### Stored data
Segment Open

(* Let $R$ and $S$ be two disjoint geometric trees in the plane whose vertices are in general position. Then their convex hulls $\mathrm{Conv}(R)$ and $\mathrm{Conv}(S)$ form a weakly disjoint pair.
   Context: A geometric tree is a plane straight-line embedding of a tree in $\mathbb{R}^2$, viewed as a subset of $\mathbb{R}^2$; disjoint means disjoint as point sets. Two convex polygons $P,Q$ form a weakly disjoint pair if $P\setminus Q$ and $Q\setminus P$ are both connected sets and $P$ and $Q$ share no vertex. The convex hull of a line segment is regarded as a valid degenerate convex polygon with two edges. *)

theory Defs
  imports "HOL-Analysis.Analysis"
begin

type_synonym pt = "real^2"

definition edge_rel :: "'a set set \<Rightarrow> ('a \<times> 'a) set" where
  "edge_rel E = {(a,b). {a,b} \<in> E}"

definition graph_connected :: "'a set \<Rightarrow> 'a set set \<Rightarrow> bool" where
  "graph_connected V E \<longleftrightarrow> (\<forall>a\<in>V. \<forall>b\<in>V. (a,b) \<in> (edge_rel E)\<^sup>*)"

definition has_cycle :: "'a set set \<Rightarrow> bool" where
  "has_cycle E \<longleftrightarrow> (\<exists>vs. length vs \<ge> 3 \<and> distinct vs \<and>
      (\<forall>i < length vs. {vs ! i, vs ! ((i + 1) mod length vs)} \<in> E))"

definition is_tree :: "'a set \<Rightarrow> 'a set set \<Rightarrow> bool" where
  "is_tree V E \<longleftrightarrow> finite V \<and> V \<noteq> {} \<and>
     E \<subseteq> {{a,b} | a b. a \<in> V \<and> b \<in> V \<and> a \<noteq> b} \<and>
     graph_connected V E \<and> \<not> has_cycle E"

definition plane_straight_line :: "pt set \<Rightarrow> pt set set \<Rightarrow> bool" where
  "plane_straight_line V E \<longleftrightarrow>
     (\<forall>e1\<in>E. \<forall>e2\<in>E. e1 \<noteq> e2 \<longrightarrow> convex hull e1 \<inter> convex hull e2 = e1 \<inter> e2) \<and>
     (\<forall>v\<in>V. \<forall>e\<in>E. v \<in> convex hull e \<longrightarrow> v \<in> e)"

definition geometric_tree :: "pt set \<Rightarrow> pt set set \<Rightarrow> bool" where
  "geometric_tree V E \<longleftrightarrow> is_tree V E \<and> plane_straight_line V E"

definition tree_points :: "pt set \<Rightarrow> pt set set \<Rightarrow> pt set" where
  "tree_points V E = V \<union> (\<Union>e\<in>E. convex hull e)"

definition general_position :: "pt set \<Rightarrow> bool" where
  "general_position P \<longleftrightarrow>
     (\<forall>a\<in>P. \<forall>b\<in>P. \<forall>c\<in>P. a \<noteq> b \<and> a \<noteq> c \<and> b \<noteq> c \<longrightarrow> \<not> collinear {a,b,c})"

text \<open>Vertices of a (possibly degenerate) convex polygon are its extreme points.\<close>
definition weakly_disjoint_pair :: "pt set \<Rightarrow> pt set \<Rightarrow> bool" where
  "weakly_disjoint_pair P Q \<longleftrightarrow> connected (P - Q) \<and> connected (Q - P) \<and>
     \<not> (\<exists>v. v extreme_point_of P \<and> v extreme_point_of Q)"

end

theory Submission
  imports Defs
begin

Segment Closed
Segment Open

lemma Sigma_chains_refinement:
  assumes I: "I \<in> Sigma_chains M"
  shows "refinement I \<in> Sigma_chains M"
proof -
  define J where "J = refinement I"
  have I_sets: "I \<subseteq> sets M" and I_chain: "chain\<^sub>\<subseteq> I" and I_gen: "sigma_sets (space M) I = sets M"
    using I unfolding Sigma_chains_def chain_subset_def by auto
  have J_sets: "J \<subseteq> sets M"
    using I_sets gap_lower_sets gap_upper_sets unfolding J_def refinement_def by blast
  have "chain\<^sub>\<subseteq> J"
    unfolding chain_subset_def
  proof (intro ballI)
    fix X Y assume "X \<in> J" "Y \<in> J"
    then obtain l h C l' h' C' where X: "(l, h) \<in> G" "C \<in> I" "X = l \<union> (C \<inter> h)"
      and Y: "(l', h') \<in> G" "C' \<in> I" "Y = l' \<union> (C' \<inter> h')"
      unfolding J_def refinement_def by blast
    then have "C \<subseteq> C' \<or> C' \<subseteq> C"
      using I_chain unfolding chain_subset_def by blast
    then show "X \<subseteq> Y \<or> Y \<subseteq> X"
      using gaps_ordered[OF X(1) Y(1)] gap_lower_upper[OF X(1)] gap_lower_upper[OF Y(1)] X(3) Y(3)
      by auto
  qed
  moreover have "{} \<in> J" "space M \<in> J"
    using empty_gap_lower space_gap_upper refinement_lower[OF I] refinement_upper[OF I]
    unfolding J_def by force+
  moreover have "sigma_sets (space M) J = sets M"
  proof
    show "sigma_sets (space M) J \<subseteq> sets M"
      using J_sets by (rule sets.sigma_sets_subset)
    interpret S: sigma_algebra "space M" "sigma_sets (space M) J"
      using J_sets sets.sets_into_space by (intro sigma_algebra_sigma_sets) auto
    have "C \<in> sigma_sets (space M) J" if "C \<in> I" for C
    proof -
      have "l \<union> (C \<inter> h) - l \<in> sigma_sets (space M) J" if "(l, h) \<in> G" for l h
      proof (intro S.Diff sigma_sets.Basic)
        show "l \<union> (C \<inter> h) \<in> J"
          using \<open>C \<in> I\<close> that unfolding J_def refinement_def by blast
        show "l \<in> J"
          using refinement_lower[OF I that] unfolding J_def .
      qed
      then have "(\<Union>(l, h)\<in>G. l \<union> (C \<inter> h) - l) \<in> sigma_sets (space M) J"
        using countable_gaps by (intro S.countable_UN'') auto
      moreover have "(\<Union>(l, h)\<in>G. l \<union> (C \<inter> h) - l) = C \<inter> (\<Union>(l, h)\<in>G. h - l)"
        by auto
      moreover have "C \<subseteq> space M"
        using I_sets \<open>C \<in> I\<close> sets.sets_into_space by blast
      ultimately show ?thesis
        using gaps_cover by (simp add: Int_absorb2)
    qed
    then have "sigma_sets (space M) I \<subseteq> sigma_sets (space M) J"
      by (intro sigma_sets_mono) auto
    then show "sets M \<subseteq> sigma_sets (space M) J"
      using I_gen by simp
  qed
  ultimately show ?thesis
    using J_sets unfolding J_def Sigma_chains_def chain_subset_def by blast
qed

Segment Closed
Segment Open

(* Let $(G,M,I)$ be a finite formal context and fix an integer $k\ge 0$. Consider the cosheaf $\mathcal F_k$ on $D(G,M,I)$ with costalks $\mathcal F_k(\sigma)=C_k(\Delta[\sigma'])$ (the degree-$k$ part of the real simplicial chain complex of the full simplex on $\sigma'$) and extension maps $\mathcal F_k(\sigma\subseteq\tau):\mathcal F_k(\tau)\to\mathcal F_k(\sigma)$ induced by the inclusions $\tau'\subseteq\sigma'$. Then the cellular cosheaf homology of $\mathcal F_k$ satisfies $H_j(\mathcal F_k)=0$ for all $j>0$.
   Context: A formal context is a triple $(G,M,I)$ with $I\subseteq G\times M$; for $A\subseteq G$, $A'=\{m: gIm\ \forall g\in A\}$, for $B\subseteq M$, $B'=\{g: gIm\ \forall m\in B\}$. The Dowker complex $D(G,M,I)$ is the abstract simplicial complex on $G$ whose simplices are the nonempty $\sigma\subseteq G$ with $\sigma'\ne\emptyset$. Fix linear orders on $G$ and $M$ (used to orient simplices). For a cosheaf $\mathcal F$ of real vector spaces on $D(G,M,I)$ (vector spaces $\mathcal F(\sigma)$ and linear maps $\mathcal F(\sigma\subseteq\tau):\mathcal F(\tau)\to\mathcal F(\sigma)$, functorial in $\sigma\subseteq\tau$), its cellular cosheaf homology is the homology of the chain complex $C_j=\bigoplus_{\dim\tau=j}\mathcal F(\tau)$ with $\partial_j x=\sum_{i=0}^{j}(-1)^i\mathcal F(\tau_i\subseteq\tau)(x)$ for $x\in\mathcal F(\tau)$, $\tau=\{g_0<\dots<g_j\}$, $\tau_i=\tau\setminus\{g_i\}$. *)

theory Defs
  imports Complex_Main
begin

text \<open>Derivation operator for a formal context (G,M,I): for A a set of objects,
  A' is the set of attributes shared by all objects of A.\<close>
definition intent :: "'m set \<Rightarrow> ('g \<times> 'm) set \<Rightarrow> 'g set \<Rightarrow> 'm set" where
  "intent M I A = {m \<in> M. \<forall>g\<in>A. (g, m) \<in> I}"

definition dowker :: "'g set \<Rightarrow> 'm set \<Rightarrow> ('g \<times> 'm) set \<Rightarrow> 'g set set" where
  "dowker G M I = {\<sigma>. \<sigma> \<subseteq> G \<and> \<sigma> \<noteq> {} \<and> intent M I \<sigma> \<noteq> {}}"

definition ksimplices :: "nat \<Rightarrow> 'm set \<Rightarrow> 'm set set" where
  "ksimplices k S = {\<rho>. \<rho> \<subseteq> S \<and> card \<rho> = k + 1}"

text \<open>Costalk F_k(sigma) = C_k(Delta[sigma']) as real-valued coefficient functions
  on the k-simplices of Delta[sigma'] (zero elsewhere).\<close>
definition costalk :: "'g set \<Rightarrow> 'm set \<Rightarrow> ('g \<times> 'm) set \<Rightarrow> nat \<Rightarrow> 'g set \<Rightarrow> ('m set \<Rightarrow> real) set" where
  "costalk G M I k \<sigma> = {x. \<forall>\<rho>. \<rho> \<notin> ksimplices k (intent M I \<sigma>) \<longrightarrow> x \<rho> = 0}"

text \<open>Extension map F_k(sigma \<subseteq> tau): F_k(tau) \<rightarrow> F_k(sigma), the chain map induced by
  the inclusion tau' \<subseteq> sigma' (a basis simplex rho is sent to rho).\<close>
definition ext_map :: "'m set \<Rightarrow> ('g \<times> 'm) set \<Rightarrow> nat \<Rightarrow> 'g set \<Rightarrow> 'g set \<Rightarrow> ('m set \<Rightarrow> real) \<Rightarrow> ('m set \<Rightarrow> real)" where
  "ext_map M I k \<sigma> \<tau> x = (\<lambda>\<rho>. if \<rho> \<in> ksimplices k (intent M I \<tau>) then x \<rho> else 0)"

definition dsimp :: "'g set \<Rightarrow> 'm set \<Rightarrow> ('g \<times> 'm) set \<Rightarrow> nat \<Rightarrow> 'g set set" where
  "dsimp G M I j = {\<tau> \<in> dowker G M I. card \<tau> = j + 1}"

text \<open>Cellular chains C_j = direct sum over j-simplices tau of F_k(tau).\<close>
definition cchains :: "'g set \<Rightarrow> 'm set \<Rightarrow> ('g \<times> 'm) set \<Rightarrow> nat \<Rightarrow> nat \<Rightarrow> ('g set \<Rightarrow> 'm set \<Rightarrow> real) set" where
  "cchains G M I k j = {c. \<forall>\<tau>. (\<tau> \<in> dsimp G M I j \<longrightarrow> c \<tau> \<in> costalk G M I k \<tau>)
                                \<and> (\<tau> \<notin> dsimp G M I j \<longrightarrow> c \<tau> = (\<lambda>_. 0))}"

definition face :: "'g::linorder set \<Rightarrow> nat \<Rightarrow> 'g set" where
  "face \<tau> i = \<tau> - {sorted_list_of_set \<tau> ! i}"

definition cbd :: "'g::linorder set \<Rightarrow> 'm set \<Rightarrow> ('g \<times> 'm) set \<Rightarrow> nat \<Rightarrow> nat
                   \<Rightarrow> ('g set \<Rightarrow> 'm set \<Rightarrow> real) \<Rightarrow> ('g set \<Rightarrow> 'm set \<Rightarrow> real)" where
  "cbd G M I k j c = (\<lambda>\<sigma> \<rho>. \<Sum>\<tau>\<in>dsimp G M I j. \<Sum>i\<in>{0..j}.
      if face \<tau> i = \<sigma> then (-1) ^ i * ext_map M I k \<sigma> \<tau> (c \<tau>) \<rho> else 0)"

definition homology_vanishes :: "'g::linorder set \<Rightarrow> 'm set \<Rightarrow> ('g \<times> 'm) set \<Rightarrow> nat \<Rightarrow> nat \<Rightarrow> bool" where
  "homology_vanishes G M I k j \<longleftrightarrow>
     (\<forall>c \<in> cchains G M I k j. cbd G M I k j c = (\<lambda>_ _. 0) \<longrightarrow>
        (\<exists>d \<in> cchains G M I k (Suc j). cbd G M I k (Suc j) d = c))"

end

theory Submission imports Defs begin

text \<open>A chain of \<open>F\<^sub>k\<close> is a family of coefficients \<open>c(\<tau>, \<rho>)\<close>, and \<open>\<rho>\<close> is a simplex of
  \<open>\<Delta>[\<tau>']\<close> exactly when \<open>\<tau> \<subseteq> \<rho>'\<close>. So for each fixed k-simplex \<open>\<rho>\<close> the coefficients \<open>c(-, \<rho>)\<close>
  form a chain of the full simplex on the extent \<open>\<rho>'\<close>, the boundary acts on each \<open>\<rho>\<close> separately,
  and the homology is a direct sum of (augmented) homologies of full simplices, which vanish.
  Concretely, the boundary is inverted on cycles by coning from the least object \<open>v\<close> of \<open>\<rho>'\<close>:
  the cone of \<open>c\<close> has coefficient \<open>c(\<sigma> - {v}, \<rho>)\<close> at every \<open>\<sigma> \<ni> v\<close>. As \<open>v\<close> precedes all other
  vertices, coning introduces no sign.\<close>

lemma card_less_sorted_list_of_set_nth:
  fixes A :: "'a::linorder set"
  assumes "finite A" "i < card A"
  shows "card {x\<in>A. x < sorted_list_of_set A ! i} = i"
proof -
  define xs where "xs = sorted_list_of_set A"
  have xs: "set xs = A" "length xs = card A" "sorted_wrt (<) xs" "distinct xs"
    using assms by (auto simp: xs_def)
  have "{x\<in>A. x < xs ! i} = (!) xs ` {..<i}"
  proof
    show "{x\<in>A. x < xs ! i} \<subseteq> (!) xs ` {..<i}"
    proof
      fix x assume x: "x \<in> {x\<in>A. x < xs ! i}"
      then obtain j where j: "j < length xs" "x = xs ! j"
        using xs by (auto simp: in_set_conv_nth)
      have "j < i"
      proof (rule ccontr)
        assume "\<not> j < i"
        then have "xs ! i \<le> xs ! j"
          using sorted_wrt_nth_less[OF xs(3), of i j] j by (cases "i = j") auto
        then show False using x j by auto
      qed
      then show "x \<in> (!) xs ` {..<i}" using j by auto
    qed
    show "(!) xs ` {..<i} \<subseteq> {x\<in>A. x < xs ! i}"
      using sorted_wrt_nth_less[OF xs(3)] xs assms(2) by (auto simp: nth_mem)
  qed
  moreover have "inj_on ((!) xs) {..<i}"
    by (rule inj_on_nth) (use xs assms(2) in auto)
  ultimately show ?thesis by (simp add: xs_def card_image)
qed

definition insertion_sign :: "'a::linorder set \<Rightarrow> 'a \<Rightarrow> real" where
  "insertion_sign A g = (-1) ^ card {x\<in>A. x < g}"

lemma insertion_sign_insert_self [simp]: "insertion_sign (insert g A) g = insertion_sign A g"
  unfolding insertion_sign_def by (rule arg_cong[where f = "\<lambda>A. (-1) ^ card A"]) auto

Segment Closed

### TASK INSTRUCTIONS
Would you copy out each line of the records above where the word "lemma" occurs?

### YOUR RESPONSE
lemma Sigma_chains_refinement:
lemma card_less_sorted_list_of_set_nth:
lemma insertion_sign_insert_self [simp]: "insertion_sign (insert g A) g = insertion_sign A g"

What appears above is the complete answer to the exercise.